Repeat verbatim, and only, the lines of the data below, beginning at the line that contains "smooth functions C^\<infinity>(M);" and stopping after the line that contains "ip : the pairing".

Start of WORKING DATA

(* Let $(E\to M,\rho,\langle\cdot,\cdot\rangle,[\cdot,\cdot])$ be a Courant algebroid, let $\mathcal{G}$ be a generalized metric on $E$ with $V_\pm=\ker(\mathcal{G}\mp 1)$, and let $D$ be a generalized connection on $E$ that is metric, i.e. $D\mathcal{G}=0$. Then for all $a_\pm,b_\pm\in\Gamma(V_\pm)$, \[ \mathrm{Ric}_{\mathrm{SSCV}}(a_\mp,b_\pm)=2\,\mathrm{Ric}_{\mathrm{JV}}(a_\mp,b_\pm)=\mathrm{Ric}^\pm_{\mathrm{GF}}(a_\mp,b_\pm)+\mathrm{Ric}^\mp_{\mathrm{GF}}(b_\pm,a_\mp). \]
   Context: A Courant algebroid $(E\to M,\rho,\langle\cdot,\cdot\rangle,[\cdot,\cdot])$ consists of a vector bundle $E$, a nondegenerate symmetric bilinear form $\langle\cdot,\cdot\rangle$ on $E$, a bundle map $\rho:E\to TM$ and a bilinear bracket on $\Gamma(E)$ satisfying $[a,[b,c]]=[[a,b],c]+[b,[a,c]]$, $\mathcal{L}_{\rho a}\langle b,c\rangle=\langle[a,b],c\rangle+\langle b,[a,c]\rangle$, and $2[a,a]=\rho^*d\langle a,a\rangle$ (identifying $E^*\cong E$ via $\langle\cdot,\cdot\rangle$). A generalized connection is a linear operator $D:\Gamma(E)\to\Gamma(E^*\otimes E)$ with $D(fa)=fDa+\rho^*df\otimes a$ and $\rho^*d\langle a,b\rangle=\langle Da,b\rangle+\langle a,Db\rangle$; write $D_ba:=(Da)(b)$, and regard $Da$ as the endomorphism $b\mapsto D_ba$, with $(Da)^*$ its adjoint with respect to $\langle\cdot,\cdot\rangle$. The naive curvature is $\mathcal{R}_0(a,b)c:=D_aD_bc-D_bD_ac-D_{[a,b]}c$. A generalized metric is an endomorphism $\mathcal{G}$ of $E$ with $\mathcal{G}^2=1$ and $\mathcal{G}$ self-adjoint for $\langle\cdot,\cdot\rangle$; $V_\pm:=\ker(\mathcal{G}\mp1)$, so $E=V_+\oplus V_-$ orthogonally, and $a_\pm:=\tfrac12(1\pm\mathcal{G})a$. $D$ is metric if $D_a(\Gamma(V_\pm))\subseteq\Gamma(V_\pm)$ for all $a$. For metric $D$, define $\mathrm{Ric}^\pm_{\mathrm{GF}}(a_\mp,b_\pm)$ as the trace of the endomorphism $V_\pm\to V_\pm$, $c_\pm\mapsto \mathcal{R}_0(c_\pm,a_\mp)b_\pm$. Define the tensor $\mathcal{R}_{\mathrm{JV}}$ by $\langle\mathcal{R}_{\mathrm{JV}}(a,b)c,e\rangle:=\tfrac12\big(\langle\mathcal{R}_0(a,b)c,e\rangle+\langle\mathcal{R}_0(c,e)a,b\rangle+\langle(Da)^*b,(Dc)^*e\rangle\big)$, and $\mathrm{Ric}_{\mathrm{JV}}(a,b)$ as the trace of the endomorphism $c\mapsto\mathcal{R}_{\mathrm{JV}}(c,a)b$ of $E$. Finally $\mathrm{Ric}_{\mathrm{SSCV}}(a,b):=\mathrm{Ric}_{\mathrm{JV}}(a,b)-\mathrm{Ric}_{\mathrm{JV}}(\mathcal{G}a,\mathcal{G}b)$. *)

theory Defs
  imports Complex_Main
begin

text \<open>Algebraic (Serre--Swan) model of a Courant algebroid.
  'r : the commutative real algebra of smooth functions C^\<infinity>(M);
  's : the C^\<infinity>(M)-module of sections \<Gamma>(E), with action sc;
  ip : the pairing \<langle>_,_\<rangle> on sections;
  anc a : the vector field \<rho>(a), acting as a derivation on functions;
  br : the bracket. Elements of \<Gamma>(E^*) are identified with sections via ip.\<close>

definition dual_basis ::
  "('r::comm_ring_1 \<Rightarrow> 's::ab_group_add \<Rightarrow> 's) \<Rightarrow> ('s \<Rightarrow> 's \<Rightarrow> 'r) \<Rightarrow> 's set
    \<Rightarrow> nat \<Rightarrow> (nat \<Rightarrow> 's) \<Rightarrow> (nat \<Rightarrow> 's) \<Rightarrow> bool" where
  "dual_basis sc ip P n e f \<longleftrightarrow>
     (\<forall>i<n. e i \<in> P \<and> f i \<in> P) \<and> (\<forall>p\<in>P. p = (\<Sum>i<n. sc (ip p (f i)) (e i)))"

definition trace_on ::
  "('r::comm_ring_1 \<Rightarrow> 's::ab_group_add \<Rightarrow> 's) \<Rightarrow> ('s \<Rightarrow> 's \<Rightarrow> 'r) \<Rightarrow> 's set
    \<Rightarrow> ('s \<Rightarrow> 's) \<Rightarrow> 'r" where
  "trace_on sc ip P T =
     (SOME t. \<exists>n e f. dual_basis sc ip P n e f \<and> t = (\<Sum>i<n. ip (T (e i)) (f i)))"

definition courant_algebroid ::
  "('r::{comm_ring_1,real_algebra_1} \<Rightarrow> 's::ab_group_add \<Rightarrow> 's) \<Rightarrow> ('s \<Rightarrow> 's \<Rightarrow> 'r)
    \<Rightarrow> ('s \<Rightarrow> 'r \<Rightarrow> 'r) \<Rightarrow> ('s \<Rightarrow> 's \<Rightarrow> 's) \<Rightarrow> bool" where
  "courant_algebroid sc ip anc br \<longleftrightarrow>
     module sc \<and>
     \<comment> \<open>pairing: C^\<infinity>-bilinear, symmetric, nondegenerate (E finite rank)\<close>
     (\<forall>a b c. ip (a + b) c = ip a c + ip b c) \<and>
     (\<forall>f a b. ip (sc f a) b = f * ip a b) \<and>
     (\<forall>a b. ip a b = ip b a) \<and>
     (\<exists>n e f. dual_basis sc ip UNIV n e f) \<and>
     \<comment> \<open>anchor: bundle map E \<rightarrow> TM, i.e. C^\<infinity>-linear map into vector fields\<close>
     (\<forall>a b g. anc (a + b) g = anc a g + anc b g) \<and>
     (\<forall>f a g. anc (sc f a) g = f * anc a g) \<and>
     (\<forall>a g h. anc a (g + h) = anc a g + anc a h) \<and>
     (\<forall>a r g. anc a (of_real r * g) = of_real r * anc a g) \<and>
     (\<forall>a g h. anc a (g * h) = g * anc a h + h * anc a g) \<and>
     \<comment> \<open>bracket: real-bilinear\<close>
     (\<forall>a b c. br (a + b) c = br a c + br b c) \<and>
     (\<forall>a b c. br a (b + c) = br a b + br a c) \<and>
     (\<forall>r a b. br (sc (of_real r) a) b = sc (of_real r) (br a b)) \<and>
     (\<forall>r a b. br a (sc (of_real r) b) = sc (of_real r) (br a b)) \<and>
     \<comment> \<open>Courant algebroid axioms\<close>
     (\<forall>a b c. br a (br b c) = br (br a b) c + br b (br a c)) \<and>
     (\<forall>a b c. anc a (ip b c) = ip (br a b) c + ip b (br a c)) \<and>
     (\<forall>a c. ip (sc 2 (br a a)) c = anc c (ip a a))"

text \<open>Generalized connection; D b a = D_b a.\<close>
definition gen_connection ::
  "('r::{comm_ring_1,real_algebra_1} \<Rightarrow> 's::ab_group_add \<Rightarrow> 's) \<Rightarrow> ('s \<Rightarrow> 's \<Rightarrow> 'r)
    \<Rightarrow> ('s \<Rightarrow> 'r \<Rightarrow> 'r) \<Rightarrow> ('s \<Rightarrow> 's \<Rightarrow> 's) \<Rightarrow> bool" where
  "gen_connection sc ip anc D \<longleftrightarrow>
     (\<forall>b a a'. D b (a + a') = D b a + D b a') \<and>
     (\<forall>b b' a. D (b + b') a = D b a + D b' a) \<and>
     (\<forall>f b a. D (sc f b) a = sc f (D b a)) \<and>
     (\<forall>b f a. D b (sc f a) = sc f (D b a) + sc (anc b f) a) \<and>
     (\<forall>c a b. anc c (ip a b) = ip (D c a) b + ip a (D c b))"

End of WORKING DATA

RESPONSE:
  'r : the commutative real algebra of smooth functions C^\<infinity>(M);
  's : the C^\<infinity>(M)-module of sections \<Gamma>(E), with action sc;
  ip : the pairing \<langle>_,_\<rangle> on sections;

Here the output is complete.